Task inputs Block Start

locale symbols_and_noise = prob_space M
  for M :: "'a measure" and N :: nat and \<sigma>2 :: real and s z :: "nat \<Rightarrow> 'a \<Rightarrow> complex" +
  assumes measurable: "\<forall>i<N. s i \<in> borel_measurable M \<and> z i \<in> borel_measurable M"
    and square_integrable:
      "\<forall>i<N. integrable M (\<lambda>\<omega>. (cmod (s i \<omega>))\<^sup>2) \<and> integrable M (\<lambda>\<omega>. (cmod (z i \<omega>))\<^sup>2)"
    and symbols_orthonormal:
      "\<forall>i<N. \<forall>j<N. (LINT \<omega>|M. s i \<omega> * cnj (s j \<omega>)) = (if i = j then 1 else 0)"
    and noise_mean: "\<forall>i<N. (LINT \<omega>|M. z i \<omega>) = 0"
    and noise_covariance:
      "\<forall>i<N. \<forall>j<N. (LINT \<omega>|M. z i \<omega> * cnj (z j \<omega>)) = (if i = j then complex_of_real \<sigma>2 else 0)"
    and symbols_noise_indep:
      "indep_var (PiM {..<N} (\<lambda>_. borel :: complex measure)) (\<lambda>\<omega>. restrict (\<lambda>i. s i \<omega>) {..<N})
                 (PiM {..<N} (\<lambda>_. borel :: complex measure)) (\<lambda>\<omega>. restrict (\<lambda>i. z i \<omega>) {..<N})"
begin

lemma symbol_noise_cross_moment:
  assumes "i < N" "j < N"
  shows "(LINT \<omega>|M. s i \<omega> * cnj (z j \<omega>)) = 0"
proof -
  have "(\<lambda>x. x i) \<in> measurable (PiM {..<N} (\<lambda>_. borel :: complex measure)) borel"
    and "(\<lambda>x. cnj (x j)) \<in> measurable (PiM {..<N} (\<lambda>_. borel :: complex measure)) borel"
    using assms measurable_compose[OF measurable_component_singleton[of j] measurable_cnj] by auto
  from indep_var_compose[OF symbols_noise_indep this]
  have "indep_var borel (s i) borel (\<lambda>\<omega>. cnj (z j \<omega>))"
    using assms by (simp add: comp_def)
  moreover have "integrable M (s i)" "integrable M (z j)"
    using assms measurable square_integrable integrable_of_square_integrable by blast+
  ultimately have "(LINT \<omega>|M. s i \<omega> * cnj (z j \<omega>)) = (LINT \<omega>|M. s i \<omega>) * cnj (LINT \<omega>|M. z j \<omega>)"
    by (simp add: indep_var_lebesgue_integral integrable_cnj)
  then show ?thesis using noise_mean assms by simp
qed

lemma second_moment_symbols_plus_noise:
  "(LINT \<omega>|M. (cmod ((\<Sum>i<N. a i * s i \<omega>) + (\<Sum>n<N. b n * z n \<omega>)))\<^sup>2)
     = (\<Sum>i<N. (cmod (a i))\<^sup>2) + \<sigma>2 * (\<Sum>n<N. (cmod (b n))\<^sup>2)"
proof -
  \<comment> \<open>Symbols and noise form one uncorrelated family indexed by \<open>nat + nat\<close>.\<close>
  define W where "W = case_sum s z"
  define d :: "nat + nat \<Rightarrow> real" where "d = case_sum (\<lambda>_. 1) (\<lambda>_. \<sigma>2)"
  define J where "J = {..<N} <+> {..<N}"
  have cov: "(LINT \<omega>|M. W x \<omega> * cnj (W y \<omega>)) = (if x = y then complex_of_real (d x) else 0)"
    if "x \<in> J" "y \<in> J" for x y
  proof -
    have "(LINT \<omega>|M. z j \<omega> * cnj (s i \<omega>)) = cnj (LINT \<omega>|M. s i \<omega> * cnj (z j \<omega>))" for i j
      by (subst Bochner_Integration.integral_cnj[symmetric]) (simp add: mult.commute)
    then show ?thesis
      using that symbols_orthonormal noise_covariance symbol_noise_cross_moment
      by (cases x; cases y) (auto simp: J_def W_def d_def)
  qed
  have "(\<Sum>i<N. a i * s i \<omega>) + (\<Sum>n<N. b n * z n \<omega>) = (\<Sum>x\<in>J. case_sum a b x * W x \<omega>)" for \<omega>
    by (simp add: J_def W_def sum.Plus)
  moreover have "(\<Sum>x\<in>J. (cmod (case_sum a b x))\<^sup>2 * d x)
      = (\<Sum>i<N. (cmod (a i))\<^sup>2) + \<sigma>2 * (\<Sum>n<N. (cmod (b n))\<^sup>2)"
    by (simp add: J_def d_def sum.Plus sum_distrib_left mult.commute)
  moreover have "(LINT \<omega>|M. (cmod (\<Sum>x\<in>J. case_sum a b x * W x \<omega>))\<^sup>2)
      = (\<Sum>x\<in>J. (cmod (case_sum a b x))\<^sup>2 * d x)"
    by (rule second_moment_uncorrelated_sum)
       (use cov measurable square_integrable in \<open>auto simp: J_def W_def\<close>)
  ultimately show ?thesis by simp
qed
(* Let $(I_n)_{n\ge1}$ be pairwise disjoint intervals in $\mathcal{R}$ with $\lim_{n\to\infty}l(I_n)=0$, and let $A,B\subseteq\mathcal{R}$ be outer measurable with $A\subseteq\bigcup_{n=1}^\infty I_n$ and $B\subseteq\mathcal{R}\setminus\bigcup_{n=1}^\infty I_n$. Then $A\cup B$ is outer measurable and $M_u(A\cup B)=M_u(A)+M_u(B)$.
   Context: $\mathcal{R}$ denotes the Levi-Civita field: functions $x:\mathbb{Q}\to\mathbb{R}$ with left-finite support, with componentwise addition and formal power series multiplication, ordered by $x>0$ iff $x\ne0$ and $x[\min\operatorname{supp}x]>0$; it is a non-Archimedean ordered field extension of $\mathbb{R}$, Cauchy complete in the order topology, in which all limits and series are taken (a series $\sum a_n$ converges iff $a_n\to0$). An interval is a set $[a,b],[a,b),(a,b]$ or $(a,b)$ with $a<b$ in $\mathcal{R}$, of length $l=b-a$. A cover of $A\subseteq\mathcal{R}$ is a sequence of intervals $(S_n)_{n\ge1}$ with $A\subseteq\bigcup_n S_n$ and $\sum_n l(S_n)$ convergent in $\mathcal{R}$. $A$ is called outer measurable if the infimum $\inf\{\sum_n l(S_n): (S_n)\text{ a cover of }A\}$ exists in $\mathcal{R}$; this infimum is then called the outer measure $M_u(A)$. *)

theory Defs
  imports Complex_Main
begin

section \<open>The Levi-Civita field (carrier and the operations used)\<close>

typedef lc = "{x :: rat \<Rightarrow> real. \<forall>q. finite {p. p < q \<and> x p \<noteq> 0}}"
  by (rule exI[of _ "\<lambda>_. 0"]) auto

instantiation lc :: "{zero, plus, uminus, minus, times}"
begin
definition zero_lc_def: "0 = Abs_lc (\<lambda>_. 0)"
definition plus_lc_def: "x + y = Abs_lc (\<lambda>q. Rep_lc x q + Rep_lc y q)"
definition uminus_lc_def: "- x = Abs_lc (\<lambda>q. - Rep_lc x q)"
definition minus_lc_def: "x - y = Abs_lc (\<lambda>q. Rep_lc x q - Rep_lc y q)"
definition times_lc_def: "x * y = Abs_lc (\<lambda>q.
   \<Sum>p\<in>{p. Rep_lc x p \<noteq> 0 \<and> Rep_lc y (q - p) \<noteq> 0}. Rep_lc x p * Rep_lc y (q - p))"
instance ..
end

definition lc_pos :: "lc \<Rightarrow> bool" where
  "lc_pos x \<longleftrightarrow> x \<noteq> 0 \<and> (\<exists>q. Rep_lc x q > 0 \<and> (\<forall>p<q. Rep_lc x p = 0))"

instantiation lc :: ord
begin
definition less_lc_def: "x < y \<longleftrightarrow> lc_pos (y - x)"
definition less_eq_lc_def: "x \<le> (y::lc) \<longleftrightarrow> x = y \<or> x < y"
instance ..
end

definition lc_tendsto :: "(nat \<Rightarrow> lc) \<Rightarrow> lc \<Rightarrow> bool" where
  "lc_tendsto f L \<longleftrightarrow> (\<forall>a b. a < L \<and> L < b \<longrightarrow> (\<exists>N. \<forall>n\<ge>N. a < f n \<and> f n < b))"

primrec lc_psum :: "(nat \<Rightarrow> lc) \<Rightarrow> nat \<Rightarrow> lc" where
  "lc_psum a 0 = 0"
| "lc_psum a (Suc n) = lc_psum a n + a n"

definition lc_sums :: "(nat \<Rightarrow> lc) \<Rightarrow> lc \<Rightarrow> bool" where
  "lc_sums a s \<longleftrightarrow> lc_tendsto (lc_psum a) s"

definition lc_interval :: "lc \<Rightarrow> lc \<Rightarrow> lc set \<Rightarrow> bool" where
  "lc_interval a b S \<longleftrightarrow> a < b \<and>
     (S = {x. a \<le> x \<and> x \<le> b} \<or> S = {x. a \<le> x \<and> x < b} \<or>
      S = {x. a < x \<and> x \<le> b} \<or> S = {x. a < x \<and> x < b})"

definition is_lc_interval :: "lc set \<Rightarrow> bool" where
  "is_lc_interval S \<longleftrightarrow> (\<exists>a b. lc_interval a b S)"

definition lc_len :: "lc set \<Rightarrow> lc" where
  "lc_len S = (THE l. \<exists>a b. lc_interval a b S \<and> l = b - a)"

text \<open>Covers are indexed by nat (starting at 0 instead of 1).\<close>
definition lc_cover :: "lc set \<Rightarrow> (nat \<Rightarrow> lc set) \<Rightarrow> bool" where
  "lc_cover A S \<longleftrightarrow> (\<forall>n. is_lc_interval (S n)) \<and> A \<subseteq> (\<Union>n. S n) \<and>
     (\<exists>s. lc_sums (\<lambda>n. lc_len (S n)) s)"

Task inputs Block End

§ Goal of the exercise:
Your answer should be each line from the preceding material in which the word "else" occurs.

§ Solution to the exercise:
      "\<forall>i<N. \<forall>j<N. (LINT \<omega>|M. s i \<omega> * cnj (s j \<omega>)) = (if i = j then 1 else 0)"
      "\<forall>i<N. \<forall>j<N. (LINT \<omega>|M. z i \<omega> * cnj (z j \<omega>)) = (if i = j then complex_of_real \<sigma>2 else 0)"
  have cov: "(LINT \<omega>|M. W x \<omega> * cnj (W y \<omega>)) = (if x = y then complex_of_real (d x) else 0)"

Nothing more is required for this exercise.